Report each line of the data that has "shows" somewhere in it.

>>

lemma replacement_chain_bound:
  fixes F :: "(int \<Rightarrow> 'a) \<Rightarrow> real" and X :: "int \<Rightarrow> 'a" and t :: int
  assumes step: "\<And>k Y y. 1 \<le> k \<Longrightarrow> k \<le> m \<Longrightarrow> (\<And>s. s \<in> W \<Longrightarrow> Y s \<in> S) \<Longrightarrow> y \<in> S \<Longrightarrow>
      F Y - F (Y(t - int k := y)) \<le> L * d (Y (t - int k)) y"
    and X: "\<And>s. s \<in> W \<Longrightarrow> X s \<in> S" "X t \<in> S"
  shows "F X - F (\<lambda>s. if t - int m \<le> s \<and> s < t then X t else X s)
      \<le> L * (\<Sum>k\<in>{1..m}. d (X (t - int k)) (X t))"
proof -
  define N where "N k = (\<lambda>s. if t - int k \<le> s \<and> s < t then X t else X s)" for k
  have "F X - F (N k) \<le> L * (\<Sum>j\<in>{1..k}. d (X (t - int j)) (X t))" if "k \<le> m" for k
    using that
  proof (induction k)
    case 0
    have "N 0 = X"
      by (auto simp: N_def fun_eq_iff)
    then show ?case
      by simp
  next
    case (Suc k)
    have "N (Suc k) = (N k)(t - int (Suc k) := X t)" "N k (t - int (Suc k)) = X (t - int (Suc k))"
      by (auto simp: N_def fun_eq_iff)
    moreover have "N k s \<in> S" if "s \<in> W" for s
      using X that by (simp add: N_def)
    ultimately have "F (N k) - F (N (Suc k)) \<le> L * d (X (t - int (Suc k))) (X t)"
      using step[of "Suc k" "N k" "X t"] Suc.prems X(2) by simp
    then show ?case
      using Suc by (simp add: algebra_simps)
  qed
  then show ?thesis
    by (simp add: N_def)
qed
lemma twist_less: "c < v \<Longrightarrow> twist v c < v"
  by (auto simp: twist_def)

lemma twist_inj: "c < v \<Longrightarrow> c' < v \<Longrightarrow> twist v c = twist v c' \<Longrightarrow> c = c'"
  by (auto simp: twist_def split: if_splits)

lemma twist_shift_half:
  assumes "v = 2 * n" "2 \<le> n" "c < n" "c' = c + n"
  shows "\<not> int v dvd (int c' - int c) - (int (twist v c') - int (twist v c))"
    (is "\<not> int v dvd ?x")
proof -
  have "twist v c = c"
    using assms by (simp add: twist_def)
  then have "?x = int n - 1 \<or> ?x = -1"
    using assms by (cases "c' = v - 1") (auto simp: twist_def)
  moreover have "\<not> int v dvd int n - 1"
  proof
    assume "int v dvd int n - 1"
    moreover have "int (n - 1) - int 0 = int n - 1"
      using assms by simp
    ultimately have "int v dvd int (n - 1) - int 0"
      by (simp only:)
    then have "n - 1 = 0"
      by (rule eq_of_dvd_diff[rotated 2]) (use assms in simp_all)
    then show False
      using assms by simp
  qed
  moreover have "\<not> int v dvd -1"
    using assms by simp
  ultimately show ?thesis
    by metis
qed

lemma twist_separates:
  assumes "v \<noteq> 2" "c < v" "c' < v"
    and "int v dvd 2 * (int c - int c')"
    and "int v dvd (int c - int c') - (int (twist v c) - int (twist v c'))"
  shows "c = c'"
proof (rule ccontr)
  assume "c \<noteq> c'"
  have half: "\<not> int v dvd 2 * (int c2 - int c1) \<or>
      \<not> int v dvd (int c2 - int c1) - (int (twist v c2) - int (twist v c1))"
    if "c1 < c2" "c2 < v" for c1 c2
  proof (rule ccontr)
    assume "\<not> ?thesis"
    then obtain q where q: "2 * (int c2 - int c1) = int v * q"
      and twisted: "int v dvd (int c2 - int c1) - (int (twist v c2) - int (twist v c1))"
      by (auto elim: dvdE)
    have "0 < int v * q" "int v * q < int v * 2"
      unfolding q[symmetric] using that by simp_all
    then have "q = 1"
      by (simp add: zero_less_mult_iff)
    then have "int v = 2 * (int c2 - int c1)"
      using q by simp
    then have "v = 2 * (c2 - c1)"
      using that by presburger
    moreover have "2 \<le> c2 - c1" "c1 < c2 - c1" "c2 = c1 + (c2 - c1)"
      using calculation that assms(1) by linarith+
    ultimately show False
      using twist_shift_half twisted by metis
  qed
  consider "c < c'" | "c' < c"
    using \<open>c \<noteq> c'\<close> by linarith
  then show False
  proof cases
    case 1
    have "int v dvd 2 * (int c' - int c)"
      using dvd_minus_iff[THEN iffD2, OF assms(4)] by (simp add: algebra_simps)
    moreover have "int v dvd (int c' - int c) - (int (twist v c') - int (twist v c))"
      using dvd_minus_iff[THEN iffD2, OF assms(5)] by (simp add: algebra_simps)
    ultimately show False
      using half[OF 1 assms(3)] by blast
  next
    case 2
    then show False
      using half[OF 2 assms(2)] assms(4,5) by blast
  qed
qed

definition cda_columns :: "nat \<Rightarrow> nat \<Rightarrow> nat \<Rightarrow> nat \<Rightarrow> nat \<Rightarrow> int" where
  "cda_columns v c a b = (!) [int a, int b, int a + int c, int b + int c, int a + 2 * int c,
     int b + int c - int (twist v c)]"

lemma cda_columns_onto:
  assumes "0 < v" "i \<le> 4"
  shows "\<exists>a<v. \<exists>b<v.
    int v dvd cda_columns v c a b i - x \<and> int v dvd cda_columns v c a b (Suc i) - y"
proof -
  have res: "\<exists>a<v. int v dvd int a - z" for z
    using assms(1) by (rule ex_residue)
  consider "i = 0" | "i = 1" | "i = 2" | "i = 3" | "i = 4"
    using assms(2) by linarith
  then show ?thesis
  proof cases
    case 1
    obtain a b where "a < v" "int v dvd int a - x" "b < v" "int v dvd int b - y"
      using res by blast
    then show ?thesis
      using 1 by (auto simp: cda_columns_def)
  next
    case 2
    obtain a b where "a < v" "int v dvd int a - (y - int c)" "b < v" "int v dvd int b - x"
      using res by blast
    then show ?thesis
      using 2 by (auto simp: cda_columns_def algebra_simps)
  next
    case 3
    obtain a b where "a < v" "int v dvd int a - (x - int c)" "b < v" "int v dvd int b - (y - int c)"
      using res by blast
    then show ?thesis
      using 3 by (auto simp: cda_columns_def algebra_simps)
  next
    case 4
    obtain a b where "a < v" "int v dvd int a - (y - 2 * int c)"
        "b < v" "int v dvd int b - (x - int c)"
      using res by blast
    then show ?thesis
      using 4 by (auto simp: cda_columns_def algebra_simps)
  next
    case 5
    obtain a b where "a < v" "int v dvd int a - (x - 2 * int c)"
        "b < v" "int v dvd int b - (y - int c + int (twist v c))"
      using res by blast
    then show ?thesis
      using 5 by (auto simp: cda_columns_def algebra_simps)
  qed
qed

lemma column_pairs_cases:
  fixes i j :: nat
  assumes "i < j" "j \<le> 4"
  obtains "{0, 2} \<subseteq> {i, Suc i, j, Suc j}" | "{1, 3} \<subseteq> {i, Suc i, j, Suc j}"
    | "{2, 4} \<subseteq> {i, Suc i, j, Suc j}" | "{3, 5} \<subseteq> {i, Suc i, j, Suc j}"
    | "{0, 1, 4, 5} \<subseteq> {i, Suc i, j, Suc j}"
proof -
  have "(i, j) \<in> {(0, 1), (0, 2), (0, 3), (1, 2), (1, 3), (1, 4), (2, 3), (2, 4), (3, 4), (0, 4)}"
    using assms by (simp; presburger)
  then show thesis
    by (elim insertE; simp) (rule that; simp)+
qed

lemma cda_columns_separating:
  assumes "v \<noteq> 2" "i < j" "j \<le> 4" "c < v" "a < v" "b < v" "c' < v" "a' < v" "b' < v"
    and agree: "\<forall>l\<in>{i, Suc i, j, Suc j}. int v dvd cda_columns v c a b l - cda_columns v c' a' b' l"
  shows "c = c' \<and> a = a' \<and> b = b'"
proof -
  let ?S = "{i, Suc i, j, Suc j}"
  define D where "D l = cda_columns v c a b l - cda_columns v c' a' b' l" for l
  have D: "D 0 = int a - int a'" "D 1 = int b - int b'" "D 2 = D 0 + (int c - int c')"
      "D 3 = D 1 + (int c - int c')" "D 4 = D 2 + (int c - int c')"
      "D 5 = D 3 - (int (twist v c) - int (twist v c'))"
    by (simp_all add: D_def cda_columns_def numeral_eq_Suc)
  have dvd_D: "int v dvd D l" if "l \<in> ?S" for l
    using agree that unfolding D_def by blast
  have "c = c'"
  proof -
    have by_diff: "c = c'" if "int v dvd int c - int c'"
      using eq_of_dvd_diff[OF assms(4,7) that] .
    have by_twist: "c = c'" if "int v dvd int (twist v c) - int (twist v c')"
      using twist_inj[OF assms(4,7) eq_of_dvd_diff[OF twist_less twist_less that]] assms(4,7)
      by blast
    consider "{0, 2} \<subseteq> ?S" | "{1, 3} \<subseteq> ?S" | "{2, 4} \<subseteq> ?S" | "{3, 5} \<subseteq> ?S"
      | "{0, 1, 4, 5} \<subseteq> ?S"
      using assms(2,3) by (rule column_pairs_cases)
    then show ?thesis
    proof cases
      case 1
      then have "int v dvd D 2 - D 0"
        by (simp add: dvd_D dvd_diff)
      then show ?thesis
        by (intro by_diff) (simp add: D)
    next
      case 2
      then have "int v dvd D 3 - D 1"
        by (simp add: dvd_D dvd_diff)
      then show ?thesis
        by (intro by_diff) (simp add: D)
    next
      case 3
      then have "int v dvd D 4 - D 2"
        by (simp add: dvd_D dvd_diff)
      then show ?thesis
        by (intro by_diff) (simp add: D)
    next
      case 4
      then have "int v dvd D 3 - D 5"
        by (simp add: dvd_D dvd_diff)
      then show ?thesis
        by (intro by_twist) (simp add: D)
    next
      case 5
      then have "int v dvd D 4 - D 0" "int v dvd D 5 - D 1"
        by (simp_all add: dvd_D dvd_diff)
      then show ?thesis
        by (intro twist_separates[OF assms(1,4,7)]) (simp_all add: D algebra_simps)
    qed
  qed
  moreover have "int v dvd int a - int a' \<and> int v dvd int b - int b'"
  proof -
    consider "i = 0" | "i = 1" | "i = 2" | "i = 3"
      using assms(2,3) by linarith
    then show ?thesis
      using dvd_D[of i] dvd_D[of "i + 1"] \<open>c = c'\<close> by cases (simp_all add: D flip: One_nat_def)
  qed
  ultimately show ?thesis
    using eq_of_dvd_diff[OF assms(5,8)] eq_of_dvd_diff[OF assms(6,9)] by blast
qed

theorem mainTheorem12:
  fixes v d :: nat
  assumes "v \<ge> 4" and "v mod 4 \<noteq> 2" and "d \<ge> 1" and "d + 1 \<le> v"
  shows "\<exists>A. is_optimum_CDA d 2 ((d + 1) * v ^ 2) 6 v A"
proof -
  have "0 < v" "v \<noteq> 2"
    using assms(1) by simp_all
  have "is_CDA d 2 ((d + 1) * v ^ 2) 6 v (block_array v (cda_columns v))"
  proof (rule is_CDA_block_array[OF \<open>0 < v\<close>])
    fix c i :: nat and x y :: int
    assume "i + 2 \<le> 6"
    then show "\<exists>a<v. \<exists>b<v. int v dvd cda_columns v c a b i - x \<and>
        int v dvd cda_columns v c a b (Suc i) - y"
      using cda_columns_onto[OF \<open>0 < v\<close>] by simp
  next
    fix i j c a b c' a' b' :: nat
    assume "i < j" "j + 2 \<le> 6" "c \<le> d" "c' \<le> d" "a < v" "b < v" "a' < v" "b' < v"
      "\<forall>l\<in>{i, Suc i, j, Suc j}. int v dvd cda_columns v c a b l - cda_columns v c' a' b' l"
    moreover have "c < v" "c' < v"
      using \<open>c \<le> d\<close> \<open>c' \<le> d\<close> assms(4) by simp_all
    ultimately show "c = c' \<and> a = a' \<and> b = b'"
      using cda_columns_separating[OF \<open>v \<noteq> 2\<close>] by simp
  qed
  then show ?thesis
    unfolding is_optimum_CDA_def by blast
qed

end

<<

→ **Expected answer**
  shows "F X - F (\<lambda>s. if t - int m \<le> s \<and> s < t then X t else X s)
  shows "\<not> int v dvd (int c' - int c) - (int (twist v c') - int (twist v c))"
  shows "c = c'"
  shows "\<exists>a<v. \<exists>b<v.
  shows "c = c' \<and> a = a' \<and> b = b'"
  shows "\<exists>A. is_optimum_CDA d 2 ((d + 1) * v ^ 2) 6 v A"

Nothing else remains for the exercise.